> What to do
Look through the listing below, and wherever a line has the string "cbox", pull it out.

▼

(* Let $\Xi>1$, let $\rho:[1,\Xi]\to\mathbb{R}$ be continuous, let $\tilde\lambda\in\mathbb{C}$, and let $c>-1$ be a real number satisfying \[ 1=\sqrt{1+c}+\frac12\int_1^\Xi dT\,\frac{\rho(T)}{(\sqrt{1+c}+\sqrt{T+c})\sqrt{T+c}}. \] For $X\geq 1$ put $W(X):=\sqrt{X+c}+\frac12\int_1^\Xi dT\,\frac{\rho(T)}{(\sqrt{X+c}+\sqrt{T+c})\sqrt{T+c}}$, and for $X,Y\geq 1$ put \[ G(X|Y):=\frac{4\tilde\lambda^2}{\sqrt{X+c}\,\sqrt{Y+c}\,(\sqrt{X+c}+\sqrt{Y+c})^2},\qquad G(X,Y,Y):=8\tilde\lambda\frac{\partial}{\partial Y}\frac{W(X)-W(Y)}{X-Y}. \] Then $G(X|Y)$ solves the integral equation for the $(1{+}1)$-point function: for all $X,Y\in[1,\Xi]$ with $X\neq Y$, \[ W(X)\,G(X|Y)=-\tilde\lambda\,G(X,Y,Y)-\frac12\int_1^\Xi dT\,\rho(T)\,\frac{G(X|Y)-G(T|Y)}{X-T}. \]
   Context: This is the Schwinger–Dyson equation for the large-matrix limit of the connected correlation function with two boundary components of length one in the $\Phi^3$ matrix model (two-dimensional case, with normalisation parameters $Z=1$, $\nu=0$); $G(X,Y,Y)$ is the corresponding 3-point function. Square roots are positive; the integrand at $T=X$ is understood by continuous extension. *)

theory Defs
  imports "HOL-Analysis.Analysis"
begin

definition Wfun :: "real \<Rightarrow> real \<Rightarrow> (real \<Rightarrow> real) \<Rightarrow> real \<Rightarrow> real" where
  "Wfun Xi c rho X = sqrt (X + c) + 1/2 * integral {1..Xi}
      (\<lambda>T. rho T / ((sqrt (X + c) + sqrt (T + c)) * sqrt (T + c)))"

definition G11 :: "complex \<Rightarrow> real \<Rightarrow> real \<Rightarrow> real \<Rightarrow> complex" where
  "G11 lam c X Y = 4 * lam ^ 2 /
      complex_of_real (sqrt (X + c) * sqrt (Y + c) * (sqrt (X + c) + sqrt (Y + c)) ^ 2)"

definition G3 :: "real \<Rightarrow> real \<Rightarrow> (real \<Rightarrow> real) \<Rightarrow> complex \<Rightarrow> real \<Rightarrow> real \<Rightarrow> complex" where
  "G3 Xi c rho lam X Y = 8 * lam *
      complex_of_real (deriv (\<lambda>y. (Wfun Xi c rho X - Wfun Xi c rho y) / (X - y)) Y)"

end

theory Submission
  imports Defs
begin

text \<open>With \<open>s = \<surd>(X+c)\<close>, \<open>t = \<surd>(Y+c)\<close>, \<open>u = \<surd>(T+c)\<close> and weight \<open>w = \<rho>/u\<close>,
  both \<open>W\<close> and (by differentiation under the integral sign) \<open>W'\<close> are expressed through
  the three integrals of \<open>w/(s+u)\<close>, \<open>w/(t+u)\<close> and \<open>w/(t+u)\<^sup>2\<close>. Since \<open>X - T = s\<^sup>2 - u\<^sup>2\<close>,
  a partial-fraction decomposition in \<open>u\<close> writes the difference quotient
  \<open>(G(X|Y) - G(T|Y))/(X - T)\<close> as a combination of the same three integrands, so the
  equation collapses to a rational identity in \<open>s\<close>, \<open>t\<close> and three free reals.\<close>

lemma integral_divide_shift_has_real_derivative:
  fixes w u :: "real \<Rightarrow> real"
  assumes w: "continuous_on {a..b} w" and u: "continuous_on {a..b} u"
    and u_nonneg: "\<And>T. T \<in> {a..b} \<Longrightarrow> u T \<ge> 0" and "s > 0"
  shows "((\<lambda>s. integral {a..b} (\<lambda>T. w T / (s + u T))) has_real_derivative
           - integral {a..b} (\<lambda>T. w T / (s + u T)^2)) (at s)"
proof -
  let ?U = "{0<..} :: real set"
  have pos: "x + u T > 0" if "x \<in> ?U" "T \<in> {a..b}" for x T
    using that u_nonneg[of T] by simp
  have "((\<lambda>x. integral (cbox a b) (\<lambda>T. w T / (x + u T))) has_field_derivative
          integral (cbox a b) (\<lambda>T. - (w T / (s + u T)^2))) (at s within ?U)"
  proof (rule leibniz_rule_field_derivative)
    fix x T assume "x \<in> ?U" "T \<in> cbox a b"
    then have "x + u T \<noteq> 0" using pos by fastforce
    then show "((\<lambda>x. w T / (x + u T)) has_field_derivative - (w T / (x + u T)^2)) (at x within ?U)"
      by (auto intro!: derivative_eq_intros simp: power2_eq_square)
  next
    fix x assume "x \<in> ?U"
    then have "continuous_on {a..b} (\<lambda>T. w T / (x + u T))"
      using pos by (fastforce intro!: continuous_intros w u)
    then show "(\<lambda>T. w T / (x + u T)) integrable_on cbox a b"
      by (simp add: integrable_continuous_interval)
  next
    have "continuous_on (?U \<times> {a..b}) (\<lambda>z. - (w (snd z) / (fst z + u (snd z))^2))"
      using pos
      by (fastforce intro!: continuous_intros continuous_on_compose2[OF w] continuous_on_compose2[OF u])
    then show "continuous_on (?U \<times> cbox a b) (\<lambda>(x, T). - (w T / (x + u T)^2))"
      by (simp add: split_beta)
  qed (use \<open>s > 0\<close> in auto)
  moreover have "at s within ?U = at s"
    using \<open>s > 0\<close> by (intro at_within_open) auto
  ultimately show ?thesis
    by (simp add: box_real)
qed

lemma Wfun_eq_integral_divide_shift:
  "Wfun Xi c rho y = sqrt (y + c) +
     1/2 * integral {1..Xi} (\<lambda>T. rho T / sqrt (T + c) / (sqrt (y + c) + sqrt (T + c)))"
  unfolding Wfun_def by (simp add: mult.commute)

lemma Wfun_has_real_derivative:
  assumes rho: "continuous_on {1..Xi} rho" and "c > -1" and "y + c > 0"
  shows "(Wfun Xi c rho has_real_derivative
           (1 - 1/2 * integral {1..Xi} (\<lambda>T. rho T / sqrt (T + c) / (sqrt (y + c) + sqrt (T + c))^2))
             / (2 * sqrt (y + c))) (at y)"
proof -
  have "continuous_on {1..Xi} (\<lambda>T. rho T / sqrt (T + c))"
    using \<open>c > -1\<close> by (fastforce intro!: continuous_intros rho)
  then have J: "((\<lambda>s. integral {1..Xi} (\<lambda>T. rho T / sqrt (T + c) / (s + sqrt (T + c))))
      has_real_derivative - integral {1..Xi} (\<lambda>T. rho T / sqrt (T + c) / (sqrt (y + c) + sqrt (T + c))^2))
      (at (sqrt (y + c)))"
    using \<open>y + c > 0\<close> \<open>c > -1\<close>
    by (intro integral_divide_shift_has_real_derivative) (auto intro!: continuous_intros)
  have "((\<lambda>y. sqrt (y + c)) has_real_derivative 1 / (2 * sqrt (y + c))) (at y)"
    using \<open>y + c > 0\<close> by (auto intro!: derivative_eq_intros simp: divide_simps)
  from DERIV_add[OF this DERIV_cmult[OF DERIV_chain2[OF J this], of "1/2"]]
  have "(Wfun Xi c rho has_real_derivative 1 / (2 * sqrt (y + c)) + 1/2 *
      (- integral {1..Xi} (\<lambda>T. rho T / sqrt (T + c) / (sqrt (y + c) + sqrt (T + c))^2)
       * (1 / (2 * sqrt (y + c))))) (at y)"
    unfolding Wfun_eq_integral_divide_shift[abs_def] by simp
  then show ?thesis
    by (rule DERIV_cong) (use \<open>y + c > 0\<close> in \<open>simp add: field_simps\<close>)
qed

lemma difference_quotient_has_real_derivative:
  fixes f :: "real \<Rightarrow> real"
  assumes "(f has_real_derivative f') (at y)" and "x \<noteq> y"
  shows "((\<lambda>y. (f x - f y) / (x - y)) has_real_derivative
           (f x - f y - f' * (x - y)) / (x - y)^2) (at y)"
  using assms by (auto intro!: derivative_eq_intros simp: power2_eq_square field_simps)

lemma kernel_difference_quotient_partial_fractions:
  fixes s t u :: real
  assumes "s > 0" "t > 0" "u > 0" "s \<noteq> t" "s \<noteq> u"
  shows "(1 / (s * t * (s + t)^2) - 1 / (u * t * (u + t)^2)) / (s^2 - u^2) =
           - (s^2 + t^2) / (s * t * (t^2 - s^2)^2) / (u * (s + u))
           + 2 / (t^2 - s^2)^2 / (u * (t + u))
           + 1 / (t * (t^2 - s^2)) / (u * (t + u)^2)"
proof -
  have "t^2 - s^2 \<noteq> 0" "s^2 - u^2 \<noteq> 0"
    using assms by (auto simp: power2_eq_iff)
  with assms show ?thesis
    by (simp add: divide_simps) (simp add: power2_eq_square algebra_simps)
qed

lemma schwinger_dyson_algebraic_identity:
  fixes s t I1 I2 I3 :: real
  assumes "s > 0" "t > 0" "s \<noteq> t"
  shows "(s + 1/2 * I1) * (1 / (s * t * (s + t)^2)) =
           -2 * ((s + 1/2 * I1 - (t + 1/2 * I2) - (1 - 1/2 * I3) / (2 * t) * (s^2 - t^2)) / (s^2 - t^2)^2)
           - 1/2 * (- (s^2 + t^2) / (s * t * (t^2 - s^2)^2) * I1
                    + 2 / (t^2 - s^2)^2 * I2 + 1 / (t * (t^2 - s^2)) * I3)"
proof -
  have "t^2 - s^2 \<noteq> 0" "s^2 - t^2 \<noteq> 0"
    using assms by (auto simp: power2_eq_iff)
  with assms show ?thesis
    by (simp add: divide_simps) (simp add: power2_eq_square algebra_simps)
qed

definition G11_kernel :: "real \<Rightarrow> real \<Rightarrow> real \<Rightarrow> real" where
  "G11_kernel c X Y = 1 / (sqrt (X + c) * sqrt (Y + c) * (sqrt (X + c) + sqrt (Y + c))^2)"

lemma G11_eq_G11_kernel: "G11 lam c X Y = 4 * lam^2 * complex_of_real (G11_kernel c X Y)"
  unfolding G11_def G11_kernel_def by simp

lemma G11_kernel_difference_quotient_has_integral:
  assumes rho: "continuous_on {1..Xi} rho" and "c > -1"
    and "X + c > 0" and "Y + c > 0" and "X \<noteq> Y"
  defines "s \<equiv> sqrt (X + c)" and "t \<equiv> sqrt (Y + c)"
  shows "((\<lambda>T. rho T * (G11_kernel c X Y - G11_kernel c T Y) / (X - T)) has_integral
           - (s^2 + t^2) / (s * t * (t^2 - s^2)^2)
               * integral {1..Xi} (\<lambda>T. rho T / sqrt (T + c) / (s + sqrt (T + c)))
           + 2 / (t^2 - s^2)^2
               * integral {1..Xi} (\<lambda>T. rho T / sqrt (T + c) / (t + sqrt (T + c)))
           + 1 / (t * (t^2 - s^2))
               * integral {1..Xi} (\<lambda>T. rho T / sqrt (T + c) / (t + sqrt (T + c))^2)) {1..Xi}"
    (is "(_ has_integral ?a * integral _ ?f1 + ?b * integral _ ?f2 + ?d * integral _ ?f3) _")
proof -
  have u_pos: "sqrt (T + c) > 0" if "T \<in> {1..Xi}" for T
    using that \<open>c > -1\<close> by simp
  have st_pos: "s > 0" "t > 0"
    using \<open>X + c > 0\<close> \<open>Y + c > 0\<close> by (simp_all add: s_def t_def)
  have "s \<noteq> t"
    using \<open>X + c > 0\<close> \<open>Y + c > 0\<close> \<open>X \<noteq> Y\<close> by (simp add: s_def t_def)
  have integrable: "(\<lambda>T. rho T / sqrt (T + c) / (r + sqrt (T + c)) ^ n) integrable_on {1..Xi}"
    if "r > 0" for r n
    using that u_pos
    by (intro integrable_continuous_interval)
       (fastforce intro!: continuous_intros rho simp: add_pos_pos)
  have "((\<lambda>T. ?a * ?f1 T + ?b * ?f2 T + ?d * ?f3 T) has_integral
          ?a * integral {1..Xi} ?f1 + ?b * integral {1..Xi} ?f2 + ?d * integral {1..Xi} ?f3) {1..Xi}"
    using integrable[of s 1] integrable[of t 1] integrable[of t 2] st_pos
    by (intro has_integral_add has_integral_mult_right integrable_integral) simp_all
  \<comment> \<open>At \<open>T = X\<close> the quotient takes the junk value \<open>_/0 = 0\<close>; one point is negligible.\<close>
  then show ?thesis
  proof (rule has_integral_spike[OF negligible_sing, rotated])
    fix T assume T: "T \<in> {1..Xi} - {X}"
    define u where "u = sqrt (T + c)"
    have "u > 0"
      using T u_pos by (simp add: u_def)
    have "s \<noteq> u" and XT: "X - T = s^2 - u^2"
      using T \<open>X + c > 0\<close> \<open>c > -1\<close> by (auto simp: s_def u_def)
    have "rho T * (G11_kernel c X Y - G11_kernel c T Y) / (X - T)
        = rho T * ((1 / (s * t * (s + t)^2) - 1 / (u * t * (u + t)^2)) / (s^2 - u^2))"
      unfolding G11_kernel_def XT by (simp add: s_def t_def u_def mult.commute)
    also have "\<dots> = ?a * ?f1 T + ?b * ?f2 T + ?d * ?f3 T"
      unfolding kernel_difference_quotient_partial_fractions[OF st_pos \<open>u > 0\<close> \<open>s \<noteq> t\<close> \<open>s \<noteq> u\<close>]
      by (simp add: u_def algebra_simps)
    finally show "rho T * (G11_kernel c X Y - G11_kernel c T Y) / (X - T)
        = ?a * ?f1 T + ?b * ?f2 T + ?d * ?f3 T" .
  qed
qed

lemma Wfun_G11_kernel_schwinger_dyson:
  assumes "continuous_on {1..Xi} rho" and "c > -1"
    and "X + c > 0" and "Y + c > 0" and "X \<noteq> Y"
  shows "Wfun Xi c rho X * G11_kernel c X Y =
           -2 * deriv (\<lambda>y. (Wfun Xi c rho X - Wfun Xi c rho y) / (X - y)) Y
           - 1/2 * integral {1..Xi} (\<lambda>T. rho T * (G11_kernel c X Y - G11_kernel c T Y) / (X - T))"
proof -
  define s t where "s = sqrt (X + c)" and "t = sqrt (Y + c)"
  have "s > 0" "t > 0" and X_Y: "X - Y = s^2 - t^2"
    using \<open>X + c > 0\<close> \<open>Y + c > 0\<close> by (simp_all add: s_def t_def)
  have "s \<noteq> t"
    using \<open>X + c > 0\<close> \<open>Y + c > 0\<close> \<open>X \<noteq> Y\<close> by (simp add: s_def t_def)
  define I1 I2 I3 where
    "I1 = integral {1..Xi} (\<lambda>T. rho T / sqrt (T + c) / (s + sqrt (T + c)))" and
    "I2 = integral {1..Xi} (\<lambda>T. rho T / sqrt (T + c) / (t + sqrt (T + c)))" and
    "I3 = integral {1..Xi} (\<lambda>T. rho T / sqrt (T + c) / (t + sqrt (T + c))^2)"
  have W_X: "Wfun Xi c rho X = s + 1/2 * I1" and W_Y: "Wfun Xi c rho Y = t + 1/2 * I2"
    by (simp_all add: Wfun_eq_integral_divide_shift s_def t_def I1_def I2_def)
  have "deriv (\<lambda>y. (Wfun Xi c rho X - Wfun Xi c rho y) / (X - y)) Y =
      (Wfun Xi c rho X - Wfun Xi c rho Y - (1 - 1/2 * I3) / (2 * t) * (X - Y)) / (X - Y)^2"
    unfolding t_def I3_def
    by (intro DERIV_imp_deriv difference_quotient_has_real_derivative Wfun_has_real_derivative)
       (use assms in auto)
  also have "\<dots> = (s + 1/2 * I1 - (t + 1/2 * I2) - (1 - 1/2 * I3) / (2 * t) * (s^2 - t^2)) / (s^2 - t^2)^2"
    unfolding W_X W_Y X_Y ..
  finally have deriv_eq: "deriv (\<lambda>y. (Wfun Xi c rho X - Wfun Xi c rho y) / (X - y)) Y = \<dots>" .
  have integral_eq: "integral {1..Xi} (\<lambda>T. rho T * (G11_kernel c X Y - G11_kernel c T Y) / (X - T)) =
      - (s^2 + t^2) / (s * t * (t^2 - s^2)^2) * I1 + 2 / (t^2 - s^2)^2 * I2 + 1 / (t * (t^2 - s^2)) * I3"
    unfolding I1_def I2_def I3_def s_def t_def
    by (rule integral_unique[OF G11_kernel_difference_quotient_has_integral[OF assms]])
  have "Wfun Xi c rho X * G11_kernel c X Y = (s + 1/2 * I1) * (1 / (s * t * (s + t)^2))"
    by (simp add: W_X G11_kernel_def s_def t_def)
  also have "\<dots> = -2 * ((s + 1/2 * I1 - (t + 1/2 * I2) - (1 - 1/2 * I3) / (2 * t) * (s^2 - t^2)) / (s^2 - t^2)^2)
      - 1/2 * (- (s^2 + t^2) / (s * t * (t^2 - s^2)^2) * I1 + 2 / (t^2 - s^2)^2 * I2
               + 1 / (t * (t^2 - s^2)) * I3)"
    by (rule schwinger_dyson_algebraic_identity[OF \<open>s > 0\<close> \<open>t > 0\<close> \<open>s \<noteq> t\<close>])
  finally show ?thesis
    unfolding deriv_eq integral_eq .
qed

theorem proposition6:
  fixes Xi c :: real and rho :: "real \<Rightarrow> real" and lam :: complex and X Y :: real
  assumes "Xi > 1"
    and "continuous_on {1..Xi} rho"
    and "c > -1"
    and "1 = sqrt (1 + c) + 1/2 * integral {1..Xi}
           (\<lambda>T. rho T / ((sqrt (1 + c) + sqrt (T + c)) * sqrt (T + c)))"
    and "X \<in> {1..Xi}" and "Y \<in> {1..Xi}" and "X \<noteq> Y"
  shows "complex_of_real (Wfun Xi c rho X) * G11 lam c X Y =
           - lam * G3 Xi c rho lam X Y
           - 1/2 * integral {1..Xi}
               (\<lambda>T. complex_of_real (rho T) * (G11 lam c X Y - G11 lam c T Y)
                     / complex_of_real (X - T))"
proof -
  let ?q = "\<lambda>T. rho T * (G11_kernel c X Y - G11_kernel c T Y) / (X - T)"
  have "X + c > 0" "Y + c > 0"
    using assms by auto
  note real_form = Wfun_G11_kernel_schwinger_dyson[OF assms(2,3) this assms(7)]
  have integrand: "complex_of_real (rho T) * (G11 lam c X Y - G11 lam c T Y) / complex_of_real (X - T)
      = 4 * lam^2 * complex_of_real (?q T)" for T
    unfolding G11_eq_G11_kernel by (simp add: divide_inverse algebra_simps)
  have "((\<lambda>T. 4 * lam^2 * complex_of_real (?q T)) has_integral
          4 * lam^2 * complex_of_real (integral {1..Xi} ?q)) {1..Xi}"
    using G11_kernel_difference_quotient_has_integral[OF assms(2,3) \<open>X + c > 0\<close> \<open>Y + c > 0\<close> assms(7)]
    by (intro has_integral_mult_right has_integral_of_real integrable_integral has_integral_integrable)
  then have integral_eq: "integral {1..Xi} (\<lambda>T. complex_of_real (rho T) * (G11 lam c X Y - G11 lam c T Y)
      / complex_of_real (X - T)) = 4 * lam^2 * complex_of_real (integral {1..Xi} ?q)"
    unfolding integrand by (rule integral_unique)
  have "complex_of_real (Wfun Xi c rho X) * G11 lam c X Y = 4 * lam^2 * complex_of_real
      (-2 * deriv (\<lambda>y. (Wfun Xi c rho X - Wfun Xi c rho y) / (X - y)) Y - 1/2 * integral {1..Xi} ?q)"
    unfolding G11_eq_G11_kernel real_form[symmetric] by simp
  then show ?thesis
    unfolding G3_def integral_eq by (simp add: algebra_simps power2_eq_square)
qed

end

▲

> Written answer
  have "((\<lambda>x. integral (cbox a b) (\<lambda>T. w T / (x + u T))) has_field_derivative
          integral (cbox a b) (\<lambda>T. - (w T / (s + u T)^2))) (at s within ?U)"
    fix x T assume "x \<in> ?U" "T \<in> cbox a b"
    then show "(\<lambda>T. w T / (x + u T)) integrable_on cbox a b"
    then show "continuous_on (?U \<times> cbox a b) (\<lambda>(x, T). - (w T / (x + u T)^2))"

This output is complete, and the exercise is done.